Designing Highly Available Cluster Applications
Automating Application Operation
Appendix B 299
Define Application Startup and Shutdown
Applications must be restartable without manual intervention. If the
application requires a switch to be flipped on a piece of hardware, then
automated restart is impossible. Procedures for application startup,
shutdown and monitoring must be created so that the HA software can
perform these functions automatically.
To ensure automated response, there should be defined procedures for
starting up the application and stopping the application. In Serviceguard
these procedures are placed in the package control script. These
procedures must check for errors and return status to the HA control
software. The startup and shutdown should be command-line driven and
not interactive unless all of the answers can be predetermined and
scripted.
In an HA failover environment, HA software restarts the application on
a surviving system in the cluster that has the necessary resources, like
access to the necessary disk drives.
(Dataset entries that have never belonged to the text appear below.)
lemma cyclic_list_first_edge_linked:
  assumes xs: "distinct xs" "length xs \<ge> 3"
    "\<forall>i < length xs. {xs ! i, xs ! ((i + 1) mod length xs)} \<in># M"
  defines "e \<equiv> {xs ! 0, xs ! 1}"
  shows "(mg_linked (M - {#e#}) (set xs))\<^sup>*\<^sup>* (xs ! 0) (xs ! 1)"
proof -
  define k where "k = length xs"
  \<comment> \<open>the walk xs ! 1, ..., xs ! (k - 1), xs ! 0 around the cycle uses every edge but e\<close>
  define ys where "ys = xs @ [xs ! 0]"
  have ys: "ys ! j = xs ! j" "ys ! Suc j = xs ! ((j + 1) mod k)" if "j < k" for j
    using that by (auto simp: ys_def k_def nth_append mod_if)
  have "{xs ! j, xs ! ((j + 1) mod k)} \<noteq> e" if "1 \<le> j" "j < k" for j
  proof
    assume same: "{xs ! j, xs ! ((j + 1) mod k)} = e"
    have ix: "0 < k" "1 < k" "2 < k" using xs(2) k_def by auto
    have "xs ! j \<in> {xs ! 0, xs ! 1}"
      using same unfolding e_def by blast
    then have "j = 1"
      using that ix xs(1) unfolding k_def by (auto simp: nth_eq_iff_index_eq)
    then have "(j + 1) mod k = 2"
      using ix by simp
    then have "xs ! 2 \<in> {xs ! 0, xs ! 1}"
      using same unfolding e_def by (metis insertCI)
    then show False
      using ix xs(1) unfolding k_def by (simp add: nth_eq_iff_index_eq)
  qed
  then have "mg_linked (M - {#e#}) (set xs) (ys ! j) (ys ! Suc j)" if "1 \<le> j" "j < k" for j
    using that xs(3) ys unfolding mg_linked_def k_def
    by (intro bexI[of _ "{xs ! j, xs ! ((j + 1) mod length xs)}"])
      (auto simp: in_diff_count intro!: nth_mem mod_less_divisor)
  then have "(mg_linked (M - {#e#}) (set xs))\<^sup>*\<^sup>* (ys ! 1) (ys ! k)"
    using xs(2) k_def by (intro rtranclp_nth_chain) auto
  moreover have "ys ! 1 = xs ! 1" "ys ! k = xs ! 0"
    using xs(2) by (auto simp: ys_def k_def nth_append)
  ultimately show ?thesis
    using sympD[OF symp_rtranclp[OF symp_mg_linked]] by metis
qed

lemma mg_cycle_has_linked_edge:
  assumes "mg_cycle V M C"
  shows "\<exists>e\<in>#M. e \<subseteq> C \<and> (\<forall>x\<in>e. \<forall>y\<in>e. (mg_linked (M - {#e#}) C)\<^sup>*\<^sup>* x y)"
  using assms unfolding mg_cycle_def
proof (elim disjE bexE conjE exE)
  fix v assume "C = {v}" "{v} \<in># M"
  then show ?thesis by (intro bexI[of _ "{v}"]) simp_all
next
  fix u v assume uv: "C = {u, v}" "2 \<le> count M {u, v}"
  then have "mg_linked (M - {#{u, v}#}) C x y" if "x \<in> {u, v}" "y \<in> {u, v}" for x y
    using that unfolding mg_linked_def by (intro bexI[of _ "{u, v}"]) (auto simp: in_diff_count)
  moreover have "{u, v} \<in># M" using uv(2) by (simp add: count_inI)
  ultimately show ?thesis using uv(1) by blast
next
  fix xs assume xs: "distinct xs" "length xs \<ge> 3" "C = set xs"
    "\<forall>i < length xs. {xs ! i, xs ! ((i + 1) mod length xs)} \<in># M"
  define e where "e = {xs ! 0, xs ! 1}"
  have "(mg_linked (M - {#e#}) C)\<^sup>*\<^sup>* (xs ! 0) (xs ! 1)"
    unfolding e_def xs(3) by (rule cyclic_list_first_edge_linked[OF xs(1,2,4)])
  moreover have "(mg_linked (M - {#e#}) C)\<^sup>*\<^sup>* (xs ! 1) (xs ! 0)"
    using calculation by (rule sympD[OF symp_rtranclp[OF symp_mg_linked]])
  ultimately have "\<forall>x\<in>e. \<forall>y\<in>e. (mg_linked (M - {#e#}) C)\<^sup>*\<^sup>* x y"
    unfolding e_def by auto
  moreover have "e \<in># M"
    using xs(4)[rule_format, of 0] xs(2) unfolding e_def by force
  moreover have "e \<subseteq> C"
    using xs(2,3) unfolding e_def by (auto intro!: nth_mem)
  ultimately show ?thesis by blast
qed

section \<open>Cycles through an edge\<close>

definition induced_adj :: "'a set \<Rightarrow> 'a set set \<Rightarrow> 'a \<Rightarrow> 'a \<Rightarrow> bool" where
  "induced_adj W E x y \<longleftrightarrow> x \<in> W \<and> y \<in> W \<and> {x, y} \<in> E"

lemma symp_induced_adj: "symp (induced_adj W E)"
  unfolding symp_def induced_adj_def by (simp add: insert_commute)

lemmas induced_adj_rtranclp_sym = sympD[OF symp_rtranclp[OF symp_induced_adj]]

lemma rtrancl_path_induced_adj_subset:
  "rtrancl_path (induced_adj W E) a ys b \<Longrightarrow> set ys \<subseteq> W"
  by (induction rule: rtrancl_path.induct) (auto simp: induced_adj_def)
The application must be restartable
in two aspects:
It must be able to restart and recover on the backup system (or on
the same system if the application restart option is chosen).
It must be able to restart if it fails during the startup and the cause
of the failure is resolved.
Application administrators need to learn to startup and shutdown
applications using the appropriate HA commands. Inadvertently
shutting down the application directly will initiate an unwanted failover.
Application administrators also need to be careful that they don't
accidently shut down a production instance of an application rather than
a test instance in a development environment.
A mechanism to monitor whether the application is active is necessary so
that the HA software knows when the application has failed. This may
be as simple as a script that issues the command ps -ef | grep xxx for
all the processes belonging to the application.
To reduce the impact on users, the application should not simply abort in
case of error, since aborting would cause an unneeded failover to a
backup system. Applications should determine the exact error and take
specific action to recover from the error rather than, for example,
aborting upon receipt of any error.